I really, really, really could.

I wish it weren’t winter anymore.

7 comments:

Unknown said...

Oh I KNOW this one (why should that not surprise you?). Here I speak not as a psychologist, nor as a spiritual director, nor as your mother (though I do have a response to your post from all of those positions of my heart) but rather as a fellow-Christian: when this happens to me, I have found that telling that voice to "shut up and go where Jesus sends you" and then angrily and vigorously doing GOOD is often a sufficient answer.

becca said...

Thank you, Jess. Thank you, Betsy. I am feeling like this right now. And it's 11. And I HAVE to be there in time for that 8:30 meeting tomorrow. And I'm reading blogs. Now to go and do the good (and sometimes strange) thing of sleeping.

becca said...

Not at all that I am trying to trivialize your post Jess. I do feel sick of myself and that constant barrage in my head.

I miss you.

Emily (Laundry and Lullabies) said...

You certainly articulate it well. (This does not surprise me, since you most definitely ARE a writer.)

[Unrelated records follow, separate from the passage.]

lemma dis_H_diag_corr_le:
  assumes c: "0 < c" and \<beta>: "interval_partition \<beta>"
    and xs: "set xs \<subseteq> \<beta>" "sorted_wrt (\<lambda>U V. fst U < fst V) xs"
  shows "dis_H \<beta> (scale c \<beta>) (diag_corr c xs)
           \<le> \<bar>c - 1\<bar> * IP_len \<beta> + max 1 c * (IP_len \<beta> - sum_list (map Leb xs))"
proof -
  define S where "S = sum_list (map Leb xs)"
  define L where "L = IP_len \<beta>"
  have SL: "S \<le> L"
    unfolding S_def L_def by (rule sum_list_Leb_le_IP_len[OF \<beta> xs])
  have "\<bar>Leb U - c * Leb U\<bar> = \<bar>c - 1\<bar> * Leb U" if "U \<in> set xs" for U
    using Leb_pos[OF \<beta>] xs(1) that by (meson abs_diff_mult_self less_imp_le subsetD)
  then have "sum_list (map (\<lambda>p. \<bar>Leb (fst p) - Leb (snd p)\<bar>) (diag_corr c xs)) = \<bar>c - 1\<bar> * S"
    unfolding diag_corr_def S_def by (simp add: o_def sum_list_const_mult cong: map_cong)
  then have "dis_H \<beta> (scale c \<beta>) (diag_corr c xs)
      = max (\<bar>c - 1\<bar> * S + L - S) (\<bar>c - 1\<bar> * S + c * L - c * S)"
    unfolding dis_H_def Let_def IP_len_scale[OF c \<beta>]
    by (simp add: diag_corr_def S_def L_def o_def sum_list_const_mult)
  also have "\<dots> = \<bar>c - 1\<bar> * S + max (L - S) (c * (L - S))"
    by (simp add: max_def algebra_simps)
  also have "\<dots> = \<bar>c - 1\<bar> * S + max 1 c * (L - S)"
    using SL by (simp add: max_mult_distrib_right)
  also have "\<dots> \<le> \<bar>c - 1\<bar> * L + max 1 c * (L - S)"
    using SL by (simp add: mult_left_mono)
  finally show ?thesis
    unfolding S_def L_def .
qed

I can't remember if we've talked about Kathleen Norris' book Noonday Demon? If you haven't read it, it might help. It helped me differentiate between acedia and depression, and decide how to proceed.

I know it isn't for awhile, but next time we have dinner I'm happy to listen if you need an ear. Love you.

Emily (Laundry and Lullabies) said...

I should not write comments while battling the stomach flu. Kathleen Norris' book is called "Acedia and Me". She references Noonday Demon. Sorry!

Jessica Snell said...

Mom, Becca and Emily: thank you. Very much.

Ruthie said...

This is the struggle of us Christians. This is Pilgrim's Progress. This is me!